According to ICS, shipowners remain open to discussing the minimum wage with the unions in an effort to seek an early resolution.
“Unfortunately the seafarers’ representatives rejected a generous offer from the shipowners in these unprecedented times. We went further than we had anticipated but the offer was still rejected. However, our door is always open,” Natalie Shaw, Director Employment Affairs at the International Chamber of Shipping, said.
The ordeal of the seafarers, who have been described as the backbone of global trade, keeping goods moving in unprecedented times, is yet to be resolved.
In the meantime, the declining attractiveness of working at sea, further impacted by the sector’s mishandling of the Covid-19 crisis, creates a major issue for the sector.
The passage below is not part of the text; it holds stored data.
(* Let $r\ge2$ and $\alpha,\delta>0$ with $\delta\le\alpha$, $\delta\le 1/(2r)$ and $\alpha<1/(4r(r+1))$. Let $Q$ be an $[r]$-coloured graph on a subset of $[n]$, let $\mathcal{C}$ be a nonempty family of $\delta$-balanced $r$-cuts of $[n]$ each compatible with $Q$, and let $\xi\le1$. Suppose that for every ordered $r$-tuple $S=(S_1,\dots,S_r)$ of pairwise disjoint subsets of $[n]$ that is compatible with $Q$ and satisfies $\min_i|S_i|\ge(1-4r\alpha)n/r$ we are given an event $F(S)$ about a graph $G$ on $[n]$ that is decreasing (closed under deleting edges) and determined by $G\cap\mathrm{ext}(S)$, and satisfies $\Pr(F(S)\mid Q\subseteq G_{n,p})\le\xi$. Let $\mathcal{R}$ be the event that $G_{n,p}$ is $\mathcal{C}$-rigid and its $\mathcal{C}$-core can be labelled $\{S_1,\dots,S_r\}$ with $V^i(Q)\subseteq S_i$ for all $i\in[r]$ such that $F(S_1,\dots,S_r)$ holds. Then $\Pr(\mathcal{R}\mid Q\subseteq G_{n,p})\le r!\cdot\xi$.
   Context: An $[r]$-coloured graph has vertices coloured from $[r]$ (not necessarily properly); $V^k(Q)$ is the set of vertices of colour $k$. A tuple $(V_1,\dots,V_r)$ of pairwise disjoint sets is compatible with $Q$ if $V^k(Q)\subseteq V_k$ for all $k$. An $r$-cut is an ordered partition of $[n]$ into $r$ parts; it is $\delta$-balanced if each part has size $(1\pm\delta)n/r$; $\mathrm{ext}(S)$ is the set of pairs meeting two distinct $S_i$. $b_{\mathcal{C}}(G)=\max_{\Pi\in\mathcal{C}}|G\cap\mathrm{ext}(\Pi)|$, $\mathrm{maxcut}_{\mathcal{C}}(G)$ is the set of $\Pi\in\mathcal{C}$ attaining it; $x\equiv_{\mathcal{C},G}y$ if $x,y$ lie in the same part of every cut in $\mathrm{maxcut}_{\mathcal{C}}(G)$, and the classes are $(\mathcal{C},G)$-components. $G$ is $\mathcal{C}$-rigid if at least $(1-\alpha)n^2/(2r)$ unordered pairs of distinct vertices are equivalent. For a $\mathcal{C}$-rigid $G$ there are exactly $r$ components of size greater than $(1-4r\alpha)n/r$; this unordered collection is the $\mathcal{C}$-core of $G$. $Q\subseteq G_{n,p}$ means all edges of $Q$ are in $G_{n,p}$. *)

theory Defs
  imports Main "HOL.Real"
begin

text \<open>Vertex set [n] = {1..n}; colours and part indices range over [r] = {1..r}.
  A graph on [n] is a set of 2-element subsets of [n].  Tuples / cuts are
  functions nat => nat set that are empty outside [r].\<close>

definition all_pairs :: "nat \<Rightarrow> nat set set" where
  "all_pairs n = {{x, y} | x y. x \<in> {1..n} \<and> y \<in> {1..n} \<and> x \<noteq> y}"

definition gnp_prob :: "nat \<Rightarrow> real \<Rightarrow> nat set set set \<Rightarrow> real" where
  "gnp_prob n p A = (\<Sum>G\<in>Pow (all_pairs n).
      if G \<in> A then p ^ card G * (1 - p) ^ (card (all_pairs n) - card G) else 0)"

definition gnp_cond :: "nat \<Rightarrow> real \<Rightarrow> nat set set set \<Rightarrow> nat set set set \<Rightarrow> real" where
  "gnp_cond n p A B = gnp_prob n p (A \<inter> B) / gnp_prob n p B"

definition coloured_graph :: "nat \<Rightarrow> nat \<Rightarrow> nat set \<Rightarrow> (nat \<Rightarrow> nat) \<Rightarrow> nat set set \<Rightarrow> bool" where
  "coloured_graph n r VQ col EQ \<longleftrightarrow> VQ \<subseteq> {1..n} \<and> (\<forall>v\<in>VQ. col v \<in> {1..r}) \<and>
     EQ \<subseteq> {{x, y} | x y. x \<in> VQ \<and> y \<in> VQ \<and> x \<noteq> y}"

definition colour_class :: "nat set \<Rightarrow> (nat \<Rightarrow> nat) \<Rightarrow> nat \<Rightarrow> nat set" where
  "colour_class VQ col k = {v \<in> VQ. col v = k}"

definition is_tuple :: "nat \<Rightarrow> (nat \<Rightarrow> nat set) \<Rightarrow> bool" where
  "is_tuple r S \<longleftrightarrow> (\<forall>i. i \<notin> {1..r} \<longrightarrow> S i = {})"

definition pw_disjoint :: "nat \<Rightarrow> (nat \<Rightarrow> nat set) \<Rightarrow> bool" where
  "pw_disjoint r S \<longleftrightarrow> (\<forall>i\<in>{1..r}. \<forall>j\<in>{1..r}. i \<noteq> j \<longrightarrow> S i \<inter> S j = {})"

definition compatible :: "nat \<Rightarrow> nat set \<Rightarrow> (nat \<Rightarrow> nat) \<Rightarrow> (nat \<Rightarrow> nat set) \<Rightarrow> bool" where
  "compatible r VQ col S \<longleftrightarrow> (\<forall>k\<in>{1..r}. colour_class VQ col k \<subseteq> S k)"

definition is_cut :: "nat \<Rightarrow> nat \<Rightarrow> (nat \<Rightarrow> nat set) \<Rightarrow> bool" where
  "is_cut n r P \<longleftrightarrow> is_tuple r P \<and> pw_disjoint r P \<and> (\<Union>i\<in>{1..r}. P i) = {1..n}"

definition balanced_cut :: "nat \<Rightarrow> nat \<Rightarrow> real \<Rightarrow> (nat \<Rightarrow> nat set) \<Rightarrow> bool" where
  "balanced_cut n r \<delta> P \<longleftrightarrow> is_cut n r P \<and>
     (\<forall>i\<in>{1..r}. (1 - \<delta>) * real n / real r \<le> real (card (P i)) \<and>
                 real (card (P i)) \<le> (1 + \<delta>) * real n / real r)"

definition ext :: "nat \<Rightarrow> (nat \<Rightarrow> nat set) \<Rightarrow> nat set set" where
  "ext r S = {{x, y} | x y i j. i \<in> {1..r} \<and> j \<in> {1..r} \<and> i \<noteq> j \<and> x \<in> S i \<and> y \<in> S j}"

definition bval :: "nat \<Rightarrow> (nat \<Rightarrow> nat set) set \<Rightarrow> nat set set \<Rightarrow> nat" where
  "bval r C G = Max ((\<lambda>P. card (G \<inter> ext r P)) ` C)"

definition maxcut :: "nat \<Rightarrow> (nat \<Rightarrow> nat set) set \<Rightarrow> nat set set \<Rightarrow> (nat \<Rightarrow> nat set) set" where
  "maxcut r C G = {P \<in> C. card (G \<inter> ext r P) = bval r C G}"

definition cequiv :: "nat \<Rightarrow> (nat \<Rightarrow> nat set) set \<Rightarrow> nat set set \<Rightarrow> nat \<Rightarrow> nat \<Rightarrow> bool" where
  "cequiv r C G x y \<longleftrightarrow> (\<forall>P\<in>maxcut r C G. \<forall>i\<in>{1..r}. x \<in> P i \<longleftrightarrow> y \<in> P i)"

definition components :: "nat \<Rightarrow> nat \<Rightarrow> (nat \<Rightarrow> nat set) set \<Rightarrow> nat set set \<Rightarrow> nat set set" where
  "components n r C G = {{y \<in> {1..n}. cequiv r C G x y} | x. x \<in> {1..n}}"

definition rigid :: "nat \<Rightarrow> nat \<Rightarrow> real \<Rightarrow> (nat \<Rightarrow> nat set) set \<Rightarrow> nat set set \<Rightarrow> bool" where
  "rigid n r \<alpha> C G \<longleftrightarrow>
     real (card {{x, y} | x y. x \<in> {1..n} \<and> y \<in> {1..n} \<and> x \<noteq> y \<and> cequiv r C G x y})
       \<ge> (1 - \<alpha>) * real n ^ 2 / (2 * real r)"

definition core :: "nat \<Rightarrow> nat \<Rightarrow> real \<Rightarrow> (nat \<Rightarrow> nat set) set \<Rightarrow> nat set set \<Rightarrow> nat set set" where
  "core n r \<alpha> C G = {K \<in> components n r C G. real (card K) > (1 - 4 * real r * \<alpha>) * real n / real r}"

end

theory Submission
  imports Defs "HOL-Library.Indicator_Function" "HOL-Combinatorics.Multiset_Permutations"
begin

text \<open>For an admissible tuple \<open>S\<close> let \<open>U(S)\<close> be the event that \<open>G\<close> is rigid and \<open>S\<close> labels its core.
  Two distinct core components are too large to lie in one part of a balanced cut, so every
  maximum cut separates them; hence adding an edge of \<open>ext(S)\<close> to a graph in \<open>U(S)\<close> keeps the
  maximum cuts, and with them rigidity and the core. Thus \<open>U(S)\<close> is increasing in the edges of
  \<open>ext(S)\<close>, while \<open>F(S)\<close> is decreasing and depends on these edges only. Conditioned on
  \<open>Q \<subseteq> G\<close>, \<open>G\<^sub>n\<^sub>,\<^sub>p\<close> is still a product measure, so Harris' inequality gives
  \<open>Pr(F(S) \<inter> U(S)) \<le> \<xi> Pr(U(S))\<close>. The event in question is covered by the events
  \<open>F(S) \<inter> U(S)\<close>, and a graph lies in \<open>U(S)\<close> for at most \<open>r!\<close> tuples \<open>S\<close>; summing over \<open>S\<close>
  gives the bound \<open>r! \<xi>\<close>.\<close>

text \<open>The unnormalised expectation of \<open>h\<close> under the product measure on subsets of \<open>E\<close> in which
  \<open>e\<close> is present with weight \<open>a e\<close> and absent with weight \<open>b e\<close>.\<close>
definition weighted_subset_sum ::
    "('a \<Rightarrow> real) \<Rightarrow> ('a \<Rightarrow> real) \<Rightarrow> 'a set \<Rightarrow> ('a set \<Rightarrow> real) \<Rightarrow> real" where
  "weighted_subset_sum a b E h = (\<Sum>A\<in>Pow E. (\<Prod>e\<in>A. a e) * (\<Prod>e\<in>E - A. b e) * h A)"

lemma weighted_subset_sum_insert:
  assumes "finite E" "e \<notin> E"
  shows "weighted_subset_sum a b (insert e E) h =
    b e * weighted_subset_sum a b E h + a e * weighted_subset_sum a b E (\<lambda>A. h (insert e A))"
proof -
  have inj: "inj_on (insert e) (Pow E)" using assms by (auto simp: inj_on_def)
  have "Pow E \<inter> insert e ` Pow E = {}" using assms by auto
  then have "weighted_subset_sum a b (insert e E) h =
      (\<Sum>A\<in>Pow E. (\<Prod>x\<in>A. a x) * (\<Prod>x\<in>insert e E - A. b x) * h A) +
      (\<Sum>A\<in>Pow E. (\<Prod>x\<in>insert e A. a x) * (\<Prod>x\<in>insert e E - insert e A. b x) * h (insert e A))"
    unfolding weighted_subset_sum_def Pow_insert
    using assms by (simp add: sum.union_disjoint sum.reindex[OF inj])
  also have "\<dots> = b e * weighted_subset_sum a b E h + a e * weighted_subset_sum a b E (\<lambda>A. h (insert e A))"
    unfolding weighted_subset_sum_def sum_distrib_left
  proof (intro arg_cong2[where f = "(+)"] sum.cong refl)
    fix A assume "A \<in> Pow E"
    then have "insert e E - A = insert e (E - A)" "insert e E - insert e A = E - A" "e \<notin> A" "finite A"
      using assms by (auto intro: finite_subset)
    then show "(\<Prod>x\<in>A. a x) * (\<Prod>x\<in>insert e E - A. b x) * h A = b e * ((\<Prod>x\<in>A. a x) * (\<Prod>x\<in>E - A. b x) * h A)"
      and "(\<Prod>x\<in>insert e A. a x) * (\<Prod>x\<in>insert e E - insert e A. b x) * h (insert e A) =
        a e * ((\<Prod>x\<in>A. a x) * (\<Prod>x\<in>E - A. b x) * h (insert e A))"
      using assms by simp_all
  qed
  finally show ?thesis .
qed

lemma weighted_subset_sum_mono:
  assumes "\<And>e. 0 \<le> a e" "\<And>e. 0 \<le> b e" "\<And>A. A \<subseteq> E \<Longrightarrow> h A \<le> h' A"
  shows "weighted_subset_sum a b E h \<le> weighted_subset_sum a b E h'"
  unfolding weighted_subset_sum_def
  using assms by (intro sum_mono mult_left_mono) (auto intro!: prod_nonneg mult_nonneg_nonneg)

lemma weighted_subset_sum_nonneg:
  "(\<And>e. 0 \<le> a e) \<Longrightarrow> (\<And>e. 0 \<le> b e) \<Longrightarrow> (\<And>A. A \<subseteq> E \<Longrightarrow> 0 \<le> h A) \<Longrightarrow>
    0 \<le> weighted_subset_sum a b E h"
  using weighted_subset_sum_mono[of a b E "\<lambda>_. 0" h] by (simp add: weighted_subset_sum_def)

lemma weighted_subset_sum_cong:
  "(\<And>A. A \<subseteq> E \<Longrightarrow> h A = h' A) \<Longrightarrow> weighted_subset_sum a b E h = weighted_subset_sum a b E h'"
  unfolding weighted_subset_sum_def by (auto intro!: sum.cong)

lemma weighted_subset_sum_sum:
  "weighted_subset_sum a b E (\<lambda>A. \<Sum>i\<in>I. h i A) = (\<Sum>i\<in>I. weighted_subset_sum a b E (h i))"
  unfolding weighted_subset_sum_def sum_distrib_left by (rule sum.swap)

lemma weighted_subset_sum_cmult:
  "weighted_subset_sum a b E (\<lambda>A. c * h A) = c * weighted_subset_sum a b E h"
  unfolding weighted_subset_sum_def sum_distrib_left by (simp add: algebra_simps)

lemma harris_step_inequality:
  fixes \<alpha> \<beta> X0 X1 Z F0 F1 G0 G1 :: real
  assumes "0 \<le> \<alpha>" "0 \<le> \<beta>" "X0 * Z \<le> F0 * G0" "X1 * Z \<le> F1 * G1" "(F1 - F0) * (G1 - G0) \<le> 0"
  shows "(\<beta> * X0 + \<alpha> * X1) * ((\<beta> + \<alpha>) * Z) \<le> (\<beta> * F0 + \<alpha> * F1) * (\<beta> * G0 + \<alpha> * G1)"
proof -
  have "(\<beta> * X0 + \<alpha> * X1) * ((\<beta> + \<alpha>) * Z) = (\<beta> + \<alpha>) * (\<beta> * (X0 * Z) + \<alpha> * (X1 * Z))"
    by (simp add: algebra_simps)
  also have "\<dots> \<le> (\<beta> + \<alpha>) * (\<beta> * (F0 * G0) + \<alpha> * (F1 * G1))"
    using assms by (intro mult_left_mono add_mono) auto
  also have "\<dots> = (\<beta> * F0 + \<alpha> * F1) * (\<beta> * G0 + \<alpha> * G1) + \<alpha> * \<beta> * ((F1 - F0) * (G1 - G0))"
    by algebra
  also have "\<dots> \<le> (\<beta> * F0 + \<alpha> * F1) * (\<beta> * G0 + \<alpha> * G1)"
    using assms by (simp add: mult_nonneg_nonpos)
  finally show ?thesis .
qed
Specifically, the shipping industry’s energy transition and digitalization plans are likely to raise the bar for seafarer recruiting, requiring more IT specialists and engineers.
Fuels of the future will require a higher level of education and training for seafarers so that operating all these systems can be done in a safe and effective manner.
Therefore, in order to attract the best talent to the shipping sector in the future, the working conditions, including the establishment of greater work and life balance, are of paramount importance.
Whether shipping will be able to rise to the occasion remains to be seen.